まだまだペンキぬりたて

ライトノベルの感想

僕の妹は漢字が読める2

僕の妹は漢字が読める2 (HJ文庫)

僕の妹は漢字が読める2 (HJ文庫)

ストーリー
歴史の書き換えにより、萌え要素が奪われてしまった23世紀。
ギンたちは、歴史を書き換えた犯人を追って21世紀に舞い戻る。
犯人の手がかりがなく困る一行だったが、そこに23世紀の文章で書かれた謎の手紙が届いて……。



きっと来るであろう衝撃に向け、「さあ読むぞ」と心を落ち着けて、紙をめくって、1ページ目で噴き出しました。
いやあ素晴らしいですね。なんて言うんでしょうねえ、「とりあえず出だしで一発決めてやったぞ! さて後はどうしようかな!」みたいな、潔さがたまらない。
全力の悪ふざけ? エンターテイメント? ことばはどれでもいいですけど、読者を楽しませたいという心意気がひしひしと感じられてとても好きです。


自分たちの未来を守るために歴史改変を阻止する!
そんな本筋もそれはそれで楽しいのだけれど、メインストーリー以外の部分が楽しくて楽しくて仕方ない。
1巻でほとんど描かれなかった23世紀の生活風景がちょこちょこ出てきて、そのたびにいちいち笑わせてもらいました。
なんとなく分かったことは、23世紀の生徒諸君はギンとさほど変わらない感性の持ち主で、クロハの方が異端者だったということですかね。
もっとも、思ったことをそのまま行動に移してしまう実行力、もしくは考えなさという点で、ギンは周りと一線を画しているような気もします。
その表出する部分の大部分が萌えへの執心であるせいで、私たちから見ると「痛い子」となってしまいがちですけれども。
自分の思いを正直に素直に、大声で吐き出すことができるというのは貴重な才能だと思います。まあ、でも、主人公としてはやっぱり残念だよね。うん。
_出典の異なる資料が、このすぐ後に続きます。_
(* Let $0\le \rho<\tfrac12$ and let $P_1\ge P_2$ with $P_1>0$, $P_2\ge 0$, $P_1+P_2=1$. Let $(N^e(t),N^d(t))_{t\ge t_0}$ be a Markov chain on $\mathbb{Z}^2$ with independent steps given by $(N^e,N^d)\to(N^e+1,N^d+1)$ with probability $(1-\rho)P_1$, $(N^e,N^d)\to(N^e+1,N^d-1)$ with probability $\rho P_1$, $(N^e,N^d)\to(N^e-1,N^d-1)$ with probability $(1-\rho)P_2$, and $(N^e,N^d)\to(N^e-1,N^d+1)$ with probability $\rho P_2$. Suppose the pair is stable at time $t_0$, i.e. $N^e(t_0)>0$ and $N^d(t_0)>0$. Let $Q$ be the probability that a recurrence occurs, i.e. that there exists $t>t_0$ with $N^e(t)=0$ or $N^d(t)=0$. Then $$Q\le \left(\frac{P_2}{P_1}\right)^{N^e(t_0)}+\left[\frac{\rho P_1+(1-\rho)P_2}{(1-\rho)P_1+\rho P_2}\right]^{N^d(t_0)}.$$
   Context: This models error propagation for a rate-1 direct shaping code with parsing length $m=1$ used on SLC flash: i.i.d. input words $\mathbf{w}_1,\mathbf{w}_2$ occur with probabilities $P_1,P_2$; the encoder maps the word with currently larger count to output $1$ and the other to $0$; the output passes through a binary symmetric channel with crossover probability $\rho$; the decoder rebuilds the dictionary from the received bits. $N^e(t)=n_1^e(t)-n_2^e(t)$ is the difference of the counts of $\mathbf{w}_1$ and $\mathbf{w}_2$ among the first $t$ encoder inputs, and $N^d(t)=n_1^d(t)-n_2^d(t)$ the corresponding difference among decoder outputs; their joint evolution is modeled by the random walk in the claim. *)

theory Defs
  imports "HOL-Probability.Probability"
begin

definition walk_pos :: "int \<times> int \<Rightarrow> (int \<times> int) stream \<Rightarrow> nat \<Rightarrow> int \<times> int" where
  "walk_pos s0 \<omega> n = (fst s0 + (\<Sum>i<n. fst (\<omega> !! i)), snd s0 + (\<Sum>i<n. snd (\<omega> !! i)))"

end

theory Submission
  imports Defs
begin

text \<open>Each coordinate of the chain is on its own a walk with i.i.d. steps \<open>\<plusminus>1\<close>:
  \<open>N\<^sup>e\<close> steps up with probability \<open>P1\<close>, \<open>N\<^sup>d\<close> with probability \<open>p = (1 - \<rho>) P1 + \<rho> P2\<close>.
  A recurrence means that one of the two coordinates hits \<open>0\<close>, so \<open>Q\<close> is at most the sum of
  two ruin probabilities. For a walk stepping up with probability \<open>p\<close> and down with
  probability \<open>q = 1 - p\<close>, the function \<open>x \<mapsto> (q/p)\<^sup>x\<close> is harmonic away from \<open>0\<close>; conditioning
  on the first step and inducting on the horizon \<open>N\<close> shows that the walk started at \<open>x\<close>
  hits \<open>0\<close> within \<open>N\<close> steps with probability at most \<open>(q/p)\<^sup>x\<close>, and \<open>N \<rightarrow> \<infinity>\<close> gives
  the ruin bound.\<close>

definition hits_zero_within :: "('a \<Rightarrow> int) \<Rightarrow> int \<Rightarrow> nat \<Rightarrow> 'a stream set" where
  "hits_zero_within f x N = {\<omega>. \<exists>n. 0 < n \<and> n \<le> N \<and> x + (\<Sum>i<n. f (\<omega> !! i)) = 0}"

definition hits_zero :: "('a \<Rightarrow> int) \<Rightarrow> int \<Rightarrow> 'a stream set" where
  "hits_zero f x = {\<omega>. \<exists>n>0. x + (\<Sum>i<n. f (\<omega> !! i)) = 0}"

lemma hits_zero_eq_UN_hits_zero_within: "hits_zero f x = (\<Union>N. hits_zero_within f x N)"
  by (auto simp: hits_zero_def hits_zero_within_def)

lemma incseq_hits_zero_within: "incseq (hits_zero_within f x)"
  by (rule incseq_SucI) (auto simp: hits_zero_within_def intro: le_SucI)

lemma measurable_partial_sum [measurable]:
  "(\<lambda>\<omega>. \<Sum>i<n. f (\<omega> !! i) :: int) \<in> stream_space (measure_pmf D) \<rightarrow>\<^sub>M count_space UNIV"
proof (induction n)
  case (Suc n)
  show ?case
    unfolding sum.lessThan_Suc
    by (rule measurable_compose_countable'[where f="\<lambda>s \<omega>. s + f (\<omega> !! n)", OF _ Suc.IH])
      (auto intro: measurable_compose[OF measurable_snth])
qed simp

lemma sets_hits_zero_within [measurable]:
  "hits_zero_within f x N \<in> sets (stream_space (measure_pmf D))"
proof -
  have "hits_zero_within f x N = (\<Union>n\<in>{0<..N}. {\<omega> \<in> space (stream_space (measure_pmf D)).
          x + (\<Sum>i<n. f (\<omega> !! i)) = 0})"
    by (auto simp: hits_zero_within_def space_stream_space)
  also have "\<dots> \<in> sets (stream_space (measure_pmf D))"
    by measurable
  finally show ?thesis .
qed

lemma sets_hits_zero [measurable]: "hits_zero f x \<in> sets (stream_space (measure_pmf D))"
  unfolding hits_zero_eq_UN_hits_zero_within by measurable

lemma Stream_in_hits_zero_within_Suc:
  "z ## \<omega> \<in> hits_zero_within f x (Suc N) \<longleftrightarrow> x + f z = 0 \<or> \<omega> \<in> hits_zero_within f (x + f z) N"
proof -
  have split_first: "(\<exists>n>0. n \<le> Suc N \<and> P n) \<longleftrightarrow> P 1 \<or> (\<exists>n>0. n \<le> N \<and> P (Suc n))" for P
    by (metis Suc_le_mono Suc_pred less_Suc_eq_0_disj not_le One_nat_def gr0I le0)
  show ?thesis
    unfolding hits_zero_within_def mem_Collect_eq split_first
    by (simp add: sum.lessThan_Suc_shift add.assoc del: sum.lessThan_Suc)
qed

lemma emeasure_hits_zero_within_Suc:
  "emeasure (stream_space (measure_pmf D)) (hits_zero_within f x (Suc N)) =
    (\<integral>\<^sup>+z. (if x + f z = 0 then 1
             else emeasure (stream_space (measure_pmf D)) (hits_zero_within f (x + f z) N))
      \<partial>measure_pmf D)" (is "_ = ?rhs")
proof -
  let ?S = "stream_space (measure_pmf D)"
  interpret S: prob_space ?S
    by (rule prob_space.prob_space_stream_space[OF prob_space_measure_pmf])
  have space: "space ?S = UNIV"
    by (simp add: space_stream_space)
  have "emeasure ?S (hits_zero_within f x (Suc N)) =
      (\<integral>\<^sup>+z. emeasure ?S {\<omega> \<in> space ?S. z ## \<omega> \<in> hits_zero_within f x (Suc N)} \<partial>measure_pmf D)"
    by (rule prob_space.emeasure_stream_space[OF prob_space_measure_pmf sets_hits_zero_within])
  also have "\<dots> = ?rhs"
    by (intro nn_integral_cong)
      (simp add: Stream_in_hits_zero_within_Suc space S.emeasure_space_1[unfolded space])
  finally show ?thesis .
qed

lemma set_pmf_subset_if_sum_pmf_eq_1:
  assumes "finite A" and "sum (pmf D) A = 1"
  shows "set_pmf D \<subseteq> A"
proof -
  have "measure_pmf.prob D A = 1"
    using assms by (simp add: measure_measure_pmf_finite)
  then show ?thesis
    by (subst (asm) measure_pmf.prob_eq_1) (auto simp: AE_measure_pmf_iff)
qed

lemma measure_pmf_eq_sum_pmf_Int:
  assumes "finite A" and "set_pmf D \<subseteq> A"
  shows "measure_pmf.prob D S = sum (pmf D) (S \<inter> A)"
proof -
  have "measure_pmf.prob D S = measure_pmf.prob D (S \<inter> A)"
    using assms(2) by (intro measure_prob_cong_0) (auto simp: set_pmf_eq)
  then show ?thesis
    using assms(1) by (simp add: measure_measure_pmf_finite)
qed

lemma nn_integral_comp_pm_one:
  fixes g :: "int \<Rightarrow> ennreal"
  assumes "pmf (map_pmf f D) 1 = p" and "pmf (map_pmf f D) (-1) = q" and "p + q = 1"
  shows "(\<integral>\<^sup>+z. g (f z) \<partial>measure_pmf D) = ennreal p * g 1 + ennreal q * g (-1)"
proof -
  have "set_pmf (map_pmf f D) \<subseteq> {1, -1}"
    using assms by (intro set_pmf_subset_if_sum_pmf_eq_1) auto
  then have "(\<integral>\<^sup>+y. g y \<partial>map_pmf f D) = (\<Sum>y\<in>{1, -1}. g y * pmf (map_pmf f D) y)"
    by (intro nn_integral_measure_pmf_support) auto
  then show ?thesis
    using assms by (simp add: mult.commute)
qed

lemma power_ratio_harmonic:
  fixes p q :: real
  assumes "p \<noteq> 0" and "p + q = 1"
  shows "p * (q / p) ^ Suc (Suc m) + q * (q / p) ^ m = (q / p) ^ Suc m"
proof -
  have "p * (q / p)\<^sup>2 + q = q / p * (q + p)"
    using assms(1) by (simp add: field_simps power2_eq_square)
  then have "p * (q / p)\<^sup>2 + q = q / p"
    using assms(2) by simp
  then show ?thesis
    by (metis distrib_right mult.assoc mult.commute power_Suc power2_eq_square)
qed

lemma emeasure_hits_zero_within_le:
  fixes p q :: real
  assumes step: "pmf (map_pmf f D) 1 = p" "pmf (map_pmf f D) (-1) = q" "p + q = 1"
    and "p > 0"
  shows "emeasure (stream_space (measure_pmf D)) (hits_zero_within f (int x) N) \<le> ennreal ((q / p) ^ x)"
proof (induction N arbitrary: x)
  case 0
  show ?case
    by (simp add: hits_zero_within_def)
next
  case (Suc N)
  let ?S = "stream_space (measure_pmf D)" and ?r = "q / p"
  interpret S: prob_space ?S
    by (rule prob_space.prob_space_stream_space[OF prob_space_measure_pmf])
  show ?case
  proof (cases x)
    case 0
    then show ?thesis
      using S.emeasure_le_1 by simp
  next
    case (Suc m)
    define G where
      "G d = (if int x + d = 0 then 1 else emeasure ?S (hits_zero_within f (int x + d) N))" for d
    have up: "G 1 \<le> ennreal (?r ^ Suc x)"
      using Suc.IH[of "Suc x"] by (simp add: G_def add.commute)
    have down: "G (-1) \<le> ennreal (?r ^ m)"
      using Suc.IH[of m] \<open>x = Suc m\<close> by (simp add: G_def)
    have "q \<ge> 0"
      using step(2) by auto
    have "emeasure ?S (hits_zero_within f (int x) (Suc N)) = (\<integral>\<^sup>+z. G (f z) \<partial>measure_pmf D)"
      unfolding emeasure_hits_zero_within_Suc G_def ..
    also have "\<dots> = ennreal p * G 1 + ennreal q * G (-1)"
      using step by (rule nn_integral_comp_pm_one)
    also have "\<dots> \<le> ennreal p * ennreal (?r ^ Suc x) + ennreal q * ennreal (?r ^ m)"
      using up down by (intro add_mono mult_left_mono) auto
    also have "\<dots> = ennreal (p * ?r ^ Suc (Suc m) + q * ?r ^ m)"
      using \<open>p > 0\<close> \<open>q \<ge> 0\<close> \<open>x = Suc m\<close> by (simp add: ennreal_mult ennreal_plus del: power_Suc)
    also have "p * ?r ^ Suc (Suc m) + q * ?r ^ m = ?r ^ x"
      unfolding \<open>x = Suc m\<close> using \<open>p > 0\<close> step(3) by (intro power_ratio_harmonic) auto
    finally show ?thesis .
  qed
qed

lemma measure_hits_zero_le:
  fixes p q :: real
  assumes "pmf (map_pmf f D) 1 = p" "pmf (map_pmf f D) (-1) = q" "p + q = 1" "p > 0"
  shows "measure (stream_space (measure_pmf D)) (hits_zero f (int x)) \<le> (q / p) ^ x"
proof -
  let ?S = "stream_space (measure_pmf D)"
  interpret S: prob_space ?S
    by (rule prob_space.prob_space_stream_space[OF prob_space_measure_pmf])
  have "q \<ge> 0"
    using assms(2) by auto
  have "emeasure ?S (hits_zero f (int x)) = (SUP N. emeasure ?S (hits_zero_within f (int x) N))"
    unfolding hits_zero_eq_UN_hits_zero_within
    by (rule SUP_emeasure_incseq[symmetric]) (auto intro: incseq_hits_zero_within)
  also have "\<dots> \<le> ennreal ((q / p) ^ x)"
    using emeasure_hits_zero_within_le[OF assms] by (rule SUP_least)
  finally show ?thesis
    using \<open>q \<ge> 0\<close> \<open>p > 0\<close> by (simp add: S.emeasure_eq_measure)
qed

theorem theorem2:
  fixes \<rho> P1 P2 :: real and D :: "(int \<times> int) pmf" and a b :: nat
  assumes "0 \<le> \<rho>" and "\<rho> < 1/2"
    and "P1 \<ge> P2" and "P1 > 0" and "P2 \<ge> 0" and "P1 + P2 = 1"
    and "pmf D (1, 1) = (1 - \<rho>) * P1"
    and "pmf D (1, -1) = \<rho> * P1"
    and "pmf D (-1, -1) = (1 - \<rho>) * P2"
    and "pmf D (-1, 1) = \<rho> * P2"
    and "a > 0" and "b > 0"
  shows "measure (stream_space (measure_pmf D))
           {\<omega> \<in> space (stream_space (measure_pmf D)).
              \<exists>n>0. fst (walk_pos (int a, int b) \<omega> n) = 0 \<or> snd (walk_pos (int a, int b) \<omega> n) = 0}
         \<le> (P2 / P1) ^ a + ((\<rho> * P1 + (1 - \<rho>) * P2) / ((1 - \<rho>) * P1 + \<rho> * P2)) ^ b"
proof -
  let ?S = "stream_space (measure_pmf D)"
  let ?A = "{(1, 1), (1, -1), (-1, -1), (-1, 1)} :: (int \<times> int) set"
  have "set_pmf D \<subseteq> ?A"
    using assms(6-10) by (intro set_pmf_subset_if_sum_pmf_eq_1) (auto simp: algebra_simps)
  then have pmf_map_eq_sum: "pmf (map_pmf g D) y = sum (pmf D) (g -` {y} \<inter> ?A)" for g y
    by (simp add: pmf_map measure_pmf_eq_sum_pmf_Int)
  have p_pos: "(1 - \<rho>) * P1 + \<rho> * P2 > 0"
    using assms(1,2,4,5) by (intro add_pos_nonneg mult_pos_pos) auto
  have "{\<omega> \<in> space ?S. \<exists>n>0. fst (walk_pos (int a, int b) \<omega> n) = 0 \<or> snd (walk_pos (int a, int b) \<omega> n) = 0}
      = hits_zero fst (int a) \<union> hits_zero snd (int b)"
    by (auto simp: walk_pos_def hits_zero_def space_stream_space)
  also have "measure ?S \<dots> \<le> measure ?S (hits_zero fst (int a)) + measure ?S (hits_zero snd (int b))"
    by (rule measure_Un_le) measurable
  also have "\<dots> \<le> (P2 / P1) ^ a + ((\<rho> * P1 + (1 - \<rho>) * P2) / ((1 - \<rho>) * P1 + \<rho> * P2)) ^ b"
  proof (intro add_mono measure_hits_zero_le)
    show "pmf (map_pmf fst D) 1 = P1" "pmf (map_pmf fst D) (-1) = P2"
      using assms(7-10) by (simp_all add: pmf_map_eq_sum vimage_def Int_insert_right algebra_simps)
    show "pmf (map_pmf snd D) 1 = (1 - \<rho>) * P1 + \<rho> * P2"
      "pmf (map_pmf snd D) (-1) = \<rho> * P1 + (1 - \<rho>) * P2"
      using assms(7-10) by (simp_all add: pmf_map_eq_sum vimage_def Int_insert_right algebra_simps)
  qed (use assms(4,6) p_pos in \<open>auto simp: algebra_simps\<close>)
  finally show ?thesis .
qed

end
忘れてはならないオオダイラ文体。今回は万葉集の翻訳でその本領を発揮してくれました。
凄まじい。そのひと言。このセンスには脱帽するしかない。1巻のときよりも洗練されているんじゃないでしょうか。オオダイラ文体の洗練ってなんだよ!
翻訳とはなんだったのかと一晩考えたくなってくるようなその内容ももちろんですが、にくいのはついつい口ずさみたくなってくるようなテンポの良さ。
こんなの見ちゃったら暗唱したくなってくるじゃないですか! いかん、自重しろ自重!
ああお腹痛い。しかし、この歌を作った人は、千年以上後に自分の歌がこんなネタにされてしまったことを知ったら一体何を思うのでしょうか……。


1巻に続き、数組の兄と妹の関係が描かれましたが、やはりクロハは圧倒的に可愛いなあ。
どうしてこんな兄がいいのかとずっと不思議に思って来ましたけど、ふたりの過去も少し明らかにされて、なんとなく分かったような、まだまだ分からないような。
駄目駄目に見える兄にも、妹にしか分からないいいところがいっぱいあるってことなんでしょう。それでも駄目なことに変わりはないんですけど。
あ、酔ったクロハにはニヤニヤさせられまくったのでまたよろしくお願いします!


唐突でご都合的な展開とか、いきなり出てくる新キャラとか、不思議チョイスの伏線とか、突っ込みたいところはたくさんあるけれど、色々ひっくるめてもやっぱり楽しかったですね。
事件は一段落したようで、まだ解決されていない謎もそこここに残されていて、挙げ句の果てが最後のこれ。
もう、こういうことを平然とやってくるからやめられない。次の巻が待ち遠しいですね。


あの「ん」はいるのかいらないのか。これは文学的に大変重要な命題ですよ、ええ……。